At Flatiron House, the Private Garden Grows Skyward
By: LX Collection
Welcome to …In the Details, a column where we explore the custom touches that make the world’s most exclusive condominiums utterly unique.
How might the city become an instrument of sustainability rather than a threat to it? Anbau, COOKFOX Architects, and Future Green Studio are working at the forefront of the new biophilic city, and they are answering this question with Flatiron House, where the home garden has been integrated into the architecture and raised into the sky.
At Flatiron House, each residence comes with its own garden planted on a Juliet balcony. In a soil patch nestled against the edge of floor-to-ceiling, sliding windows and pouring through the balcony’s lace-like latticework, a collection of mostly native plants grows for the benefit of the owner and the ecology of the city. While residents will live side by side with balcony gardens featuring herbs and other edible plants like thyme, blueberries, sage, and lavender, the stream of people on West 23rd Street will be treated to the visual feast of a vertical garden with plants whose reaching tendrils become a central part of the facade.
The COOKFOX Architects team was inspired by Mediterranean cultures where indoor/outdoor living is a way of life and designed a lattice with holes just the right size to encourage the plants to grow through them. To make this possible as a holistic architectural/ecological system rather than a haphazard array of private plantings, the entire building was outfitted with a timed irrigation system developed by Future Green Studio, who also designed the beds for the plantings and the palette of plants that will live in them.
Sophie Muschel-Horton, associate designer at Future Green Studio, said one of the biggest challenges in designing the irrigation system was figuring out how to get the water pressure to a level that could climb 220 feet to the top of the building. “Then we are looking at 1,100 linear feet of planters themselves. It’s a huge amount of planting area,” Muschel-Horton told LX Collection.

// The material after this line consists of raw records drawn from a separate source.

(* Let $\boldsymbol{f}\in\mathbb{R}^E$ satisfy $\boldsymbol{u}^-_e<\boldsymbol{f}_e<\boldsymbol{u}^+_e$ for all $e$ and $\boldsymbol{c}^\top\boldsymbol{f}>F^*$. Let $\tilde{\boldsymbol{g}}\in\mathbb{R}^E$ satisfy $\|\mathbf{L}(\boldsymbol{f})^{-1}(\tilde{\boldsymbol{g}}-\boldsymbol{g}(\boldsymbol{f}))\|_\infty\le\varepsilon$ for some $\varepsilon\in(0,1/2]$, and $\tilde{\boldsymbol{\ell}}\in\mathbb{R}^E_{>0}$ satisfy $\tilde{\boldsymbol{\ell}}\approx_2\boldsymbol{\ell}(\boldsymbol{f})$. Let $\boldsymbol{\Delta}$ satisfy $\mathbf{B}^\top\boldsymbol{\Delta}=0$ and $\tilde{\boldsymbol{g}}^\top\boldsymbol{\Delta}/\|\tilde{\mathbf{L}}\boldsymbol{\Delta}\|_1\le-\kappa$ for some $\kappa\in(0,1)$. Then $\frac{|\boldsymbol{c}^\top\boldsymbol{\Delta}|}{\boldsymbol{c}^\top\boldsymbol{f}-F^*}\le|\tilde{\boldsymbol{g}}^\top\boldsymbol{\Delta}|/(\kappa m)$.
   Context: Setting: $G=(V,E)$ is a directed graph with $m=|E|$ edges and edge-vertex incidence matrix $\mathbf{B}$ (row of edge $(a,b)$ has $+1$ at $a$, $-1$ at $b$); demands $\boldsymbol{d}\in\mathbb{Z}^V$, lower/upper capacities $\boldsymbol{u}^-,\boldsymbol{u}^+\in\mathbb{Z}^E$, and costs $\boldsymbol{c}\in\mathbb{Z}^E$ are integers bounded in absolute value by $U$. $F^*=\min\{\boldsymbol{c}^\top\boldsymbol{f}:\mathbf{B}^\top\boldsymbol{f}=\boldsymbol{d},\ \boldsymbol{u}^-\le\boldsymbol{f}\le\boldsymbol{u}^+\}$. Let $\alpha=1/(1000\log(mU))$. Lengths $\boldsymbol{\ell}(\boldsymbol{f})_e=(\boldsymbol{u}^+_e-\boldsymbol{f}_e)^{-1-\alpha}+(\boldsymbol{f}_e-\boldsymbol{u}^-_e)^{-1-\alpha}$; gradients $\boldsymbol{g}(\boldsymbol{f})_e=20m(\boldsymbol{c}^\top\boldsymbol{f}-F^* )^{-1}\boldsymbol{c}_e+\alpha(\boldsymbol{u}^+_e-\boldsymbol{f}_e)^{-1-\alpha}-\alpha(\boldsymbol{f}_e-\boldsymbol{u}^-_e)^{-1-\alpha}$ (the gradient of $\Phi(\boldsymbol{f})=20m\log(\boldsymbol{c}^\top\boldsymbol{f}-F^* )+\sum_e((\boldsymbol{u}^+_e-\boldsymbol{f}_e)^{-\alpha}+(\boldsymbol{f}_e-\boldsymbol{u}^-_e)^{-\alpha})$). $\mathbf{L}(\boldsymbol{f})=\mathrm{diag}(\boldsymbol{\ell}(\boldsymbol{f}))$, $\tilde{\mathbf{L}}=\mathrm{diag}(\tilde{\boldsymbol{\ell}})$. $\boldsymbol{x}\approx_\beta\boldsymbol{y}$ means $\beta^{-1}\boldsymbol{y}_i\le\boldsymbol{x}_i\le\beta\boldsymbol{y}_i$ for all $i$. *)

theory Defs
  imports Complex_Main
begin
lemma gd_R1_plug:
  assumes wf: "wf_gd D" and mv: "gd_R1 D E"
  shows "gd_R1 (plug W e D) (plug W e E)"
proof -
  obtain x y where xy: "gund D x = Some y" and adj: "gnxt D x = y \<or> gnxt D y = x"
    and E: "E = D\<lparr>gund := (gund D)(x := None)\<rparr>"
    using mv unfolding gd_R1_def by blast
  have "x \<noteq> 0" "y \<noteq> 0" using wf_gd_und[OF wf xy] by auto
  moreover have "plug W e E = (plug W e D)\<lparr>gund := (gund (plug W e D))(e x := None)\<rparr>"
    by (rule gdiag_eq_split[where e = e]) (auto simp: E gpts_plug plug_not_range)
  ultimately show ?thesis
    unfolding gd_R1_def using xy adj
    by (intro exI[of _ "e x"] exI[of _ "e y"]) (auto simp: plug_nxt_e_eq)
qed

lemma gd_R2_plug:
  assumes wf: "wf_gd D" and mv: "gd_R2 D E"
  shows "gd_R2 (plug W e D) (plug W e E)"
proof -
  obtain x1 x2 y1 y2 where u1: "gund D x1 = Some y1" and u2: "gund D x2 = Some y2"
    and n1: "gnxt D x1 = x2" and n2: "gnxt D y1 = y2 \<or> gnxt D y2 = y1"
    and sg: "gpos D x1 \<noteq> gpos D x2"
    and E: "E = D\<lparr>gund := (gund D)(x1 := None, x2 := None)\<rparr>"
    using mv unfolding gd_R2_def by blast
  have "x2 \<noteq> 0" "y1 \<noteq> 0" "y2 \<noteq> 0" using wf_gd_und[OF wf u1] wf_gd_und[OF wf u2] by auto
  moreover have "plug W e E = (plug W e D)\<lparr>gund := (gund (plug W e D))(e x1 := None, e x2 := None)\<rparr>"
    by (rule gdiag_eq_split[where e = e]) (auto simp: E gpts_plug plug_not_range)
  ultimately show ?thesis
    unfolding gd_R2_def using u1 u2 n1 n2 sg
    by (intro exI[of _ "e x1"] exI[of _ "e x2"] exI[of _ "e y1"] exI[of _ "e y2"])
       (auto simp: plug_nxt_e_eq)
qed

lemma plug_relabel_crossings:
  assumes \<tau>'_e: "\<And>z. \<tau>' (e z) = e (\<tau> z)" and \<tau>'_not_range: "\<And>x. x \<notin> range e \<Longrightarrow> \<tau>' x = x"
  shows "plug W e (D\<lparr>gund := map_option \<tau> \<circ> gund D \<circ> \<tau>, gpos := gpos D \<circ> \<tau>\<rparr>)
    = (plug W e D)\<lparr>gund := map_option \<tau>' \<circ> gund (plug W e D) \<circ> \<tau>',
        gpos := gpos (plug W e D) \<circ> \<tau>'\<rparr>"
proof (rule gdiag_eq_split[where e = e])
  fix z
  show "gund (plug W e (D\<lparr>gund := map_option \<tau> \<circ> gund D \<circ> \<tau>, gpos := gpos D \<circ> \<tau>\<rparr>)) (e z)
    = gund ((plug W e D)\<lparr>gund := map_option \<tau>' \<circ> gund (plug W e D) \<circ> \<tau>',
        gpos := gpos (plug W e D) \<circ> \<tau>'\<rparr>) (e z)"
    using \<tau>'_e by (cases "gund D (\<tau> z)") simp_all
next
  fix x assume x: "x \<notin> range e"
  then show "gnxt (plug W e (D\<lparr>gund := map_option \<tau> \<circ> gund D \<circ> \<tau>, gpos := gpos D \<circ> \<tau>\<rparr>)) x
      = gnxt ((plug W e D)\<lparr>gund := map_option \<tau>' \<circ> gund (plug W e D) \<circ> \<tau>',
        gpos := gpos (plug W e D) \<circ> \<tau>'\<rparr>) x
    \<and> gund (plug W e (D\<lparr>gund := map_option \<tau> \<circ> gund D \<circ> \<tau>, gpos := gpos D \<circ> \<tau>\<rparr>)) x
      = gund ((plug W e D)\<lparr>gund := map_option \<tau>' \<circ> gund (plug W e D) \<circ> \<tau>',
        gpos := gpos (plug W e D) \<circ> \<tau>'\<rparr>) x
    \<and> gpos (plug W e (D\<lparr>gund := map_option \<tau> \<circ> gund D \<circ> \<tau>, gpos := gpos D \<circ> \<tau>\<rparr>)) x
      = gpos ((plug W e D)\<lparr>gund := map_option \<tau>' \<circ> gund (plug W e D) \<circ> \<tau>',
        gpos := gpos (plug W e D) \<circ> \<tau>'\<rparr>) x"
    using und_W_not_range \<tau>'_not_range by (cases "gund W x") (auto simp: plug_not_range)
qed (simp_all add: gpts_plug \<tau>'_e)

lemma gd_R3_plug:
  assumes wf: "wf_gd D" and mv: "gd_R3 D E"
  shows "gd_R3 (plug W e D) (plug W e E)"
proof -
  obtain tA tB mA mC bB bC oT oM oB where ds: "distinct [tA, tB, mC]"
    and uA: "gund D tA = Some mA" and uB: "gund D tB = Some bB" and uC: "gund D mC = Some bC"
    and adj: "gd_adj D oT tA tB" "gd_adj D oM mA mC" "gd_adj D oB bB bC"
    and sg: "(oM = gpos D tA) = (oB = gpos D tB)" "(oT = gpos D tB) = (oM = gpos D mC)"
    and E: "E = D\<lparr>gund := map_option (Transposition.transpose tA tB \<circ> Transposition.transpose mA mC
                  \<circ> Transposition.transpose bB bC) \<circ> gund D \<circ> (Transposition.transpose tA tB
                  \<circ> Transposition.transpose mA mC \<circ> Transposition.transpose bB bC),
              gpos := gpos D \<circ> (Transposition.transpose tA tB \<circ> Transposition.transpose mA mC
                  \<circ> Transposition.transpose bB bC)\<rparr>"
    using mv unfolding gd_R3_def Let_def by blast
  have nz: "tA \<noteq> 0" "tB \<noteq> 0" "mA \<noteq> 0" "mC \<noteq> 0" "bB \<noteq> 0" "bC \<noteq> 0"
    using wf_gd_und[OF wf uA] wf_gd_und[OF wf uB] wf_gd_und[OF wf uC] by auto
  have adj_plug: "gd_adj (plug W e D) o' (e u) (e v) \<longleftrightarrow> gd_adj D o' u v"
    if "u \<noteq> 0" "v \<noteq> 0" for o' u v
    using that by (simp add: gd_adj_def plug_nxt_e_eq del: plug_e)
  define \<tau> where "\<tau> = Transposition.transpose tA tB \<circ> Transposition.transpose mA mC
    \<circ> Transposition.transpose bB bC"
  define \<tau>' where "\<tau>' = Transposition.transpose (e tA) (e tB) \<circ> Transposition.transpose (e mA) (e mC)
    \<circ> Transposition.transpose (e bB) (e bC)"
  have "\<tau>' (e z) = e (\<tau> z)" for z
    by (simp add: \<tau>_def \<tau>'_def transpose_e)
  moreover have "\<tau>' x = x" if "x \<notin> range e" for x
    using that by (simp add: \<tau>'_def transpose_not_range)
  ultimately have E': "plug W e E = (plug W e D)\<lparr>gund := map_option \<tau>' \<circ> gund (plug W e D) \<circ> \<tau>',
      gpos := gpos (plug W e D) \<circ> \<tau>'\<rparr>"
    unfolding E \<tau>_def[symmetric] by (rule plug_relabel_crossings)
  have "distinct [e tA, e tB, e mC]" using ds by simp
  moreover have "gund (plug W e D) (e tA) = Some (e mA)" "gund (plug W e D) (e tB) = Some (e bB)"
    "gund (plug W e D) (e mC) = Some (e bC)"
    using uA uB uC by simp_all
  moreover have "gd_adj (plug W e D) oT (e tA) (e tB)" "gd_adj (plug W e D) oM (e mA) (e mC)"
    "gd_adj (plug W e D) oB (e bB) (e bC)"
    using adj nz by (simp_all add: adj_plug)
  moreover have "(oM = gpos (plug W e D) (e tA)) = (oB = gpos (plug W e D) (e tB))"
    "(oT = gpos (plug W e D) (e tB)) = (oM = gpos (plug W e D) (e mC))"
    using sg by simp_all
  ultimately show ?thesis
    unfolding gd_R3_def Let_def using E'[unfolded \<tau>'_def] by blast
qed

Other challenges included working out how to make the system work seamlessly on every floor and selecting plants that both evoke the Mediterranean feeling and thrive in New York City’s much colder, wetter climate.
One design solution was to place a mat at the bottom of the planters. As Muschel-Horton explained, the irrigation system works from underneath the planter, where a capillary mat soaks up the water. Plants are able to expand and grow into this mat, very much as they do in the soil in nature. “This allows the plants to knit themselves together,” she said, “so that even if there’s a dry period, this will keep the plants moist, and, at the same time, the plants are not sitting in standing water.”
Another creative solution was to place valves at the end of each row of residences on every floor to mediate the water flow according to the weather data collected by the system’s built-in sensors. And while the idea is for the plantings to be more or less self-sufficient, there is an element of intimacy between resident and planting that is at the heart of its design. “It was important for the architects that residents feel a sense of ownership and stewardship of the plantings. It was a no-brainer to integrate plants that were edible and herbal that people could actually use and that would inspire residents to have a stake in it,” Muschel-Horton said.
Part of what is so revolutionary about Flatiron House’s design is that it creates a new mode of living in New York that links the everyday with nature. It connects, even on a small scale, city dwellers to the way that humans have cultivated and lived from the land for thousands of years—but this time, 23 floors into the sky.